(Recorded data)
***
lemma card_small_boundary_sets_of_size:
  fixes c :: real
  assumes conn: "connected_graph n E" and c: "0 < c" and s: "1 \<le> s" "s \<le> n"
  defines "\<delta> \<equiv> expansion_const c"
  shows "real (card {S. S \<subseteq> {..<n} \<and> card S = s \<and> real (card (boundary E S)) < cut_threshold \<delta> n s})
           \<le> exp ((c - \<delta>) * real s / 2)"
proof -
  define L where "L = ln (exp 1 * real n / real s)"
  define k where "k = 2 * \<delta> * real s / L"
  define y where "y = k / real n"
  have E: "E \<subseteq> all_pairs n" using conn unfolding connected_graph_def by auto
  have \<delta>: "0 < \<delta>" "2 * \<delta> \<le> 1"
    using expansion_const_pos[OF c] expansion_const_le[OF c] by (auto simp: \<delta>_def)
  have L: "1 \<le> L" unfolding L_def using s by (intro ln_exp_mult_div_ge_1) auto
  have k: "0 < k" "k \<le> real s"
  proof -
    show "0 < k" unfolding k_def using \<delta> L s by simp
    have "k \<le> 2 * \<delta> * real s / 1" unfolding k_def using L \<delta> s by (intro divide_left_mono) auto
    also have "\<dots> \<le> real s" using \<delta> s by simp
    finally show "k \<le> real s" .
  qed
  have y: "0 < y" "y \<le> 1" unfolding y_def using k s by auto
  let ?T = "{S. S \<subseteq> {..<n} \<and> card S = s \<and> real (card (boundary E S)) < cut_threshold \<delta> n s}"
  have "real (card ?T) \<le> (1 + 2 * y) ^ n / y powr k"
  proof (rule card_sets_with_few_boundary_vertices[OF conn _ y])
    fix S assume S: "S \<in> ?T"
    have "real (card (\<Union>(boundary E S))) \<le> 2 * real (card (boundary E S))"
      using card_Union_boundary_le[OF E, of S] by linarith
    also have "\<dots> < k" using S unfolding k_def L_def by simp
    finally show "S \<subseteq> {..<n} \<and> S \<noteq> {} \<and> real (card (\<Union>(boundary E S))) < k"
      using S s by auto
  qed
  also have "\<dots> \<le> exp (2 * k) / y powr k"
  proof -
    have "(1 + 2 * y) ^ n \<le> exp (2 * y) ^ n"
      using y by (intro power_mono) (auto simp: add.commute)
    also have "\<dots> = exp (2 * k)" unfolding y_def using s by (simp add: exp_of_nat_mult[symmetric])
    finally show ?thesis using y by (intro divide_right_mono) auto
  qed
  also have "\<dots> = exp (2 * k + k * ln (real n / k))"
  proof -
    have "ln y = - ln (real n / k)" unfolding y_def using k s by (simp add: ln_div)
    then have "y powr k = inverse (exp (k * ln (real n / k)))" using y by (simp add: powr_def exp_minus)
    then show ?thesis by (simp add: exp_add divide_inverse)
  qed
  also have "\<dots> \<le> exp ((c - \<delta>) * real s / 2)"
    using boundary_entropy_le[OF c, of "real s" "real n"] s by (simp add: \<delta>_def k_def L_def)
  finally show ?thesis .
qed

lemma sparse_cut_large:
  assumes conn: "connected_graph n E" and \<alpha>: "\<alpha> < 1" and \<delta>: "0 < \<delta>"
    and S: "S \<in> sparse_cuts \<alpha> \<delta> n E"
  shows "sqrt (real n) < real (card S) \<or> ln (real n) / (2 * \<delta>) < real (card S)"
proof (rule large_if_cut_threshold_gt_1[OF \<delta>])
  have S: "S \<subseteq> {..<n}" "0 < card S" "real (card S) \<le> \<alpha> * real n"
    "real (card (boundary E S)) < cut_threshold \<delta> n (card S)"
    using S unfolding sparse_cuts_def by auto
  then show "1 \<le> real (card S)" by simp
  have "card S \<le> n" using card_mono[OF _ S(1)] by simp
  then show "real (card S) \<le> real n" by simp
  with S(2) have "\<alpha> * real n < real n" using \<alpha> by simp
  then have "card S < n" using S(3) by linarith
  have "0 < card (boundary E S)"
    using connected_graph_card_boundary_pos[OF conn S(1)] S(2) \<open>card S < n\<close> by force
  then show "1 < cut_threshold \<delta> n (card S)" using S(4) by linarith
qed

lemma finite_sparse_cuts: "finite (sparse_cuts \<alpha> \<delta> n E)"
  unfolding sparse_cuts_def by (rule finite_subset[of _ "Pow {..<n}"]) auto

lemma sum_sparse_cuts_of_size_le:
  fixes c \<alpha> :: real
  assumes conn: "connected_graph n E" and c: "0 < c" and \<alpha>: "\<alpha> < 1"
  defines "\<delta> \<equiv> expansion_const c"
  defines "X \<equiv> exp (- (c - \<delta>) * sqrt (real n) / 4) + exp (- (c - \<delta>) * (ln (real n) / (2 * \<delta>)) / 4)"
  shows "(\<Sum>S\<in>{S\<in>sparse_cuts \<alpha> \<delta> n E. card S = s}. exp (- (c - \<delta>) * real (card S)))
           \<le> X * exp (- (c - \<delta>) * real s / 4)"
proof (cases "{S\<in>sparse_cuts \<alpha> \<delta> n E. card S = s} = {}")
  case True
  then show ?thesis unfolding X_def by (simp only: True sum.empty) simp
next
  case False
  let ?a = "c - \<delta>" and ?T = "{S\<in>sparse_cuts \<alpha> \<delta> n E. card S = s}"
  have \<delta>: "0 < \<delta>" "2 * \<delta> \<le> c"
    using expansion_const_pos[OF c] expansion_const_le[OF c] by (auto simp: \<delta>_def)
  then have a: "0 < ?a" by linarith
  from False obtain S where S: "S \<in> sparse_cuts \<alpha> \<delta> n E" "card S = s" by auto
  then have s: "1 \<le> s" "s \<le> n"
    using card_mono[of "{..<n}" S] unfolding sparse_cuts_def by auto
  have mono: "exp (- ?a * real s / 4) \<le> exp (- ?a * t / 4)" if "t < real s" for t
    using that a by (simp add: mult_left_mono)
  have large: "exp (- ?a * real s / 4) \<le> X"
    using sparse_cut_large[OF conn \<alpha> \<delta>(1) S(1)] mono unfolding X_def S(2)
    by (smt (verit) exp_gt_zero)
  let ?U = "{S. S \<subseteq> {..<n} \<and> card S = s \<and> real (card (boundary E S)) < cut_threshold \<delta> n s}"
  have "card ?T \<le> card ?U"
    by (rule card_mono) (auto simp: sparse_cuts_def intro: finite_subset[of _ "Pow {..<n}"])
  then have count: "real (card ?T) \<le> exp (?a * real s / 2)"
    using card_small_boundary_sets_of_size[OF conn c s] unfolding \<delta>_def by linarith
  have "(\<Sum>S\<in>?T. exp (- ?a * real (card S))) = real (card ?T) * exp (- ?a * real s)" by simp
  also have "\<dots> \<le> exp (?a * real s / 2) * exp (- ?a * real s)"
    using count by (intro mult_right_mono) auto
  also have "\<dots> = exp (- ?a * real s / 4) * exp (- ?a * real s / 4)"
    by (simp only: exp_add[symmetric]) (simp add: field_simps)
  also have "\<dots> \<le> X * exp (- ?a * real s / 4)"
    using large by (intro mult_right_mono) auto
  finally show ?thesis .
qed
***
» **Assignment**: Output the lines above exactly, but only those between the line holding "real s / 2) *" and the line holding "by (simp only: exp_add[symmetric])", inclusive.

» **Solution to this exercise**:
  also have "\<dots> \<le> exp (?a * real s / 2) * exp (- ?a * real s)"
    using count by (intro mult_right_mono) auto
  also have "\<dots> = exp (- ?a * real s / 4) * exp (- ?a * real s / 4)"
    by (simp only: exp_add[symmetric]) (simp add: field_simps)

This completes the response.